- [What you should do]
Restate every record exactly, with nothing skipped.

- [Input material]

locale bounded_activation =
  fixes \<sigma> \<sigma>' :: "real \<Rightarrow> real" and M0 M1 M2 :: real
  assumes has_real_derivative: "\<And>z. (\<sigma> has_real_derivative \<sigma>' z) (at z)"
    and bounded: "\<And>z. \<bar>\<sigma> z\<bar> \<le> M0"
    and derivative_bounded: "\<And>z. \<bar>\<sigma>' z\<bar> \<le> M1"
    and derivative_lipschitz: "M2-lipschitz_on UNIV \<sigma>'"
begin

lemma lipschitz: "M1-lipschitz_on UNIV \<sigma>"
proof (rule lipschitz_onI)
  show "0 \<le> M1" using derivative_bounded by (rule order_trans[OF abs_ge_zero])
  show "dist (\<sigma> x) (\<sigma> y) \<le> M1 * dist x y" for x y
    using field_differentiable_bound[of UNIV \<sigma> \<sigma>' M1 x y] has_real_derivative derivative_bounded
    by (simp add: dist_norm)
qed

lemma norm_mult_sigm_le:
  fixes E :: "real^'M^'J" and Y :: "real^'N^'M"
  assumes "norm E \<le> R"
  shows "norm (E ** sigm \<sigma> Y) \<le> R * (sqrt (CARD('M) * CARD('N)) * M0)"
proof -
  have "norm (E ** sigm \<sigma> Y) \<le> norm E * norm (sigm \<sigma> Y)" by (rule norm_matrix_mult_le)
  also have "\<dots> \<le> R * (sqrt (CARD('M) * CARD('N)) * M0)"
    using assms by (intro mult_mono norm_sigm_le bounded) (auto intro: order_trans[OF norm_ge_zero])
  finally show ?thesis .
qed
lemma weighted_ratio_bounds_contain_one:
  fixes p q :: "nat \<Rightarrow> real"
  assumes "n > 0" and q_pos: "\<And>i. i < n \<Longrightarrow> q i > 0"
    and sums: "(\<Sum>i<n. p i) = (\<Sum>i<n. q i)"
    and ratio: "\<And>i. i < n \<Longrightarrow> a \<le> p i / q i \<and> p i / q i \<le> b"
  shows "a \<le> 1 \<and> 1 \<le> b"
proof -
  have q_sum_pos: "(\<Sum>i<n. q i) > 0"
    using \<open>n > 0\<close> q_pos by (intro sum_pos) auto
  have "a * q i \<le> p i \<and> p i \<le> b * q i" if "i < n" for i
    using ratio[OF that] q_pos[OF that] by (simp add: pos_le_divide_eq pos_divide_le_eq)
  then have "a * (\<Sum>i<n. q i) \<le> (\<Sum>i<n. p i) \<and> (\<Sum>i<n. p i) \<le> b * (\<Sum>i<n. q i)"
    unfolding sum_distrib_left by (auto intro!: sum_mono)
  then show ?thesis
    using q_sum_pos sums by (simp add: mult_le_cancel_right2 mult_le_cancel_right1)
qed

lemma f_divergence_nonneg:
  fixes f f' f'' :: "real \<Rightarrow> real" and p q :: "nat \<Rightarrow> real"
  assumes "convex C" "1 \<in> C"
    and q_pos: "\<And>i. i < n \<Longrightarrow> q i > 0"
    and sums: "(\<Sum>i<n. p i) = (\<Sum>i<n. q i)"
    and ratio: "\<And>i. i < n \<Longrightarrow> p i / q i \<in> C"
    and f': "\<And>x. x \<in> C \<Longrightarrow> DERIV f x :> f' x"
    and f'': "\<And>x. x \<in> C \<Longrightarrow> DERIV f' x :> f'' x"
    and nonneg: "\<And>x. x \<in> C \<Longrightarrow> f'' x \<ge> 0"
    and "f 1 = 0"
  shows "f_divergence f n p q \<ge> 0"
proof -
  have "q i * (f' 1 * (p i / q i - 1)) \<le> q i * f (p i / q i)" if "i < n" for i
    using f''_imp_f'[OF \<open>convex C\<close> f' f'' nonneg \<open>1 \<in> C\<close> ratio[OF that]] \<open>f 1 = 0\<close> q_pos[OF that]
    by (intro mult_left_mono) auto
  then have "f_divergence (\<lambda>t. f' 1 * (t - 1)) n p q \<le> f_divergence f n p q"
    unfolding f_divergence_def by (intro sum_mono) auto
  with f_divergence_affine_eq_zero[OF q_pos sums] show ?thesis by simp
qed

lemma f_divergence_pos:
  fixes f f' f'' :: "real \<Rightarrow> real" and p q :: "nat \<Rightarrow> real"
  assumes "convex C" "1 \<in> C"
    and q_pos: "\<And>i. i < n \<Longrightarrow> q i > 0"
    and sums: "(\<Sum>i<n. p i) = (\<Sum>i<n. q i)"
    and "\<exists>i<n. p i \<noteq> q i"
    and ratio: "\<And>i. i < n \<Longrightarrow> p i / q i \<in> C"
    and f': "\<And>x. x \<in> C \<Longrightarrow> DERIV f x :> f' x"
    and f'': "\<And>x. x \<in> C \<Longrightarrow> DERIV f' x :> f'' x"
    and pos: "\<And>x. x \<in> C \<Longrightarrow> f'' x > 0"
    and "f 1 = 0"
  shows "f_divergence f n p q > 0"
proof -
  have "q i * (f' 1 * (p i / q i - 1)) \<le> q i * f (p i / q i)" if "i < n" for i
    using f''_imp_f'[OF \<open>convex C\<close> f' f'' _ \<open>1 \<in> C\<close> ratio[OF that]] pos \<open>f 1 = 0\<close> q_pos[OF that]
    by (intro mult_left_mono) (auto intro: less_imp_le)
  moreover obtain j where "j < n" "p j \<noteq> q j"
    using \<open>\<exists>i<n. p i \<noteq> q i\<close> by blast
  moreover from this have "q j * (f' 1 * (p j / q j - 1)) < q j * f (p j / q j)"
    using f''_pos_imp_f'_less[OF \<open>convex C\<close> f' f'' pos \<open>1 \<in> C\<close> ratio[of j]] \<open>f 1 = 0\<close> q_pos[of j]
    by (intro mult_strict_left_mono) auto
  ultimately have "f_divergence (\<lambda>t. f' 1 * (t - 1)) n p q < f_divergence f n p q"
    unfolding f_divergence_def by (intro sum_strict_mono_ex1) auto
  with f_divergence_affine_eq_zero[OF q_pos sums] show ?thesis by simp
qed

- [Output of the exercise]
locale bounded_activation =
  fixes \<sigma> \<sigma>' :: "real \<Rightarrow> real" and M0 M1 M2 :: real
  assumes has_real_derivative: "\<And>z. (\<sigma> has_real_derivative \<sigma>' z) (at z)"
    and bounded: "\<And>z. \<bar>\<sigma> z\<bar> \<le> M0"
    and derivative_bounded: "\<And>z. \<bar>\<sigma>' z\<bar> \<le> M1"
    and derivative_lipschitz: "M2-lipschitz_on UNIV \<sigma>'"
begin

lemma lipschitz: "M1-lipschitz_on UNIV \<sigma>"
proof (rule lipschitz_onI)
  show "0 \<le> M1" using derivative_bounded by (rule order_trans[OF abs_ge_zero])
  show "dist (\<sigma> x) (\<sigma> y) \<le> M1 * dist x y" for x y
    using field_differentiable_bound[of UNIV \<sigma> \<sigma>' M1 x y] has_real_derivative derivative_bounded
    by (simp add: dist_norm)
qed

lemma norm_mult_sigm_le:
  fixes E :: "real^'M^'J" and Y :: "real^'N^'M"
  assumes "norm E \<le> R"
  shows "norm (E ** sigm \<sigma> Y) \<le> R * (sqrt (CARD('M) * CARD('N)) * M0)"
proof -
  have "norm (E ** sigm \<sigma> Y) \<le> norm E * norm (sigm \<sigma> Y)" by (rule norm_matrix_mult_le)
  also have "\<dots> \<le> R * (sqrt (CARD('M) * CARD('N)) * M0)"
    using assms by (intro mult_mono norm_sigm_le bounded) (auto intro: order_trans[OF norm_ge_zero])
  finally show ?thesis .
qed
lemma weighted_ratio_bounds_contain_one:
  fixes p q :: "nat \<Rightarrow> real"
  assumes "n > 0" and q_pos: "\<And>i. i < n \<Longrightarrow> q i > 0"
    and sums: "(\<Sum>i<n. p i) = (\<Sum>i<n. q i)"
    and ratio: "\<And>i. i < n \<Longrightarrow> a \<le> p i / q i \<and> p i / q i \<le> b"
  shows "a \<le> 1 \<and> 1 \<le> b"
proof -
  have q_sum_pos: "(\<Sum>i<n. q i) > 0"
    using \<open>n > 0\<close> q_pos by (intro sum_pos) auto
  have "a * q i \<le> p i \<and> p i \<le> b * q i" if "i < n" for i
    using ratio[OF that] q_pos[OF that] by (simp add: pos_le_divide_eq pos_divide_le_eq)
  then have "a * (\<Sum>i<n. q i) \<le> (\<Sum>i<n. p i) \<and> (\<Sum>i<n. p i) \<le> b * (\<Sum>i<n. q i)"
    unfolding sum_distrib_left by (auto intro!: sum_mono)
  then show ?thesis
    using q_sum_pos sums by (simp add: mult_le_cancel_right2 mult_le_cancel_right1)
qed

lemma f_divergence_nonneg:
  fixes f f' f'' :: "real \<Rightarrow> real" and p q :: "nat \<Rightarrow> real"
  assumes "convex C" "1 \<in> C"
    and q_pos: "\<And>i. i < n \<Longrightarrow> q i > 0"
    and sums: "(\<Sum>i<n. p i) = (\<Sum>i<n. q i)"
    and ratio: "\<And>i. i < n \<Longrightarrow> p i / q i \<in> C"
    and f': "\<And>x. x \<in> C \<Longrightarrow> DERIV f x :> f' x"
    and f'': "\<And>x. x \<in> C \<Longrightarrow> DERIV f' x :> f'' x"
    and nonneg: "\<And>x. x \<in> C \<Longrightarrow> f'' x \<ge> 0"
    and "f 1 = 0"
  shows "f_divergence f n p q \<ge> 0"
proof -
  have "q i * (f' 1 * (p i / q i - 1)) \<le> q i * f (p i / q i)" if "i < n" for i
    using f''_imp_f'[OF \<open>convex C\<close> f' f'' nonneg \<open>1 \<in> C\<close> ratio[OF that]] \<open>f 1 = 0\<close> q_pos[OF that]
    by (intro mult_left_mono) auto
  then have "f_divergence (\<lambda>t. f' 1 * (t - 1)) n p q \<le> f_divergence f n p q"
    unfolding f_divergence_def by (intro sum_mono) auto
  with f_divergence_affine_eq_zero[OF q_pos sums] show ?thesis by simp
qed

lemma f_divergence_pos:
  fixes f f' f'' :: "real \<Rightarrow> real" and p q :: "nat \<Rightarrow> real"
  assumes "convex C" "1 \<in> C"
    and q_pos: "\<And>i. i < n \<Longrightarrow> q i > 0"
    and sums: "(\<Sum>i<n. p i) = (\<Sum>i<n. q i)"
    and "\<exists>i<n. p i \<noteq> q i"
    and ratio: "\<And>i. i < n \<Longrightarrow> p i / q i \<in> C"
    and f': "\<And>x. x \<in> C \<Longrightarrow> DERIV f x :> f' x"
    and f'': "\<And>x. x \<in> C \<Longrightarrow> DERIV f' x :> f'' x"
    and pos: "\<And>x. x \<in> C \<Longrightarrow> f'' x > 0"
    and "f 1 = 0"
  shows "f_divergence f n p q > 0"
proof -
  have "q i * (f' 1 * (p i / q i - 1)) \<le> q i * f (p i / q i)" if "i < n" for i
    using f''_imp_f'[OF \<open>convex C\<close> f' f'' _ \<open>1 \<in> C\<close> ratio[OF that]] pos \<open>f 1 = 0\<close> q_pos[OF that]
    by (intro mult_left_mono) (auto intro: less_imp_le)
  moreover obtain j where "j < n" "p j \<noteq> q j"
    using \<open>\<exists>i<n. p i \<noteq> q i\<close> by blast
  moreover from this have "q j * (f' 1 * (p j / q j - 1)) < q j * f (p j / q j)"
    using f''_pos_imp_f'_less[OF \<open>convex C\<close> f' f'' pos \<open>1 \<in> C\<close> ratio[of j]] \<open>f 1 = 0\<close> q_pos[of j]
    by (intro mult_strict_left_mono) auto
  ultimately have "f_divergence (\<lambda>t. f' 1 * (t - 1)) n p q < f_divergence f n p q"
    unfolding f_divergence_def by (intro sum_strict_mono_ex1) auto
  with f_divergence_affine_eq_zero[OF q_pos sums] show ?thesis by simp
qed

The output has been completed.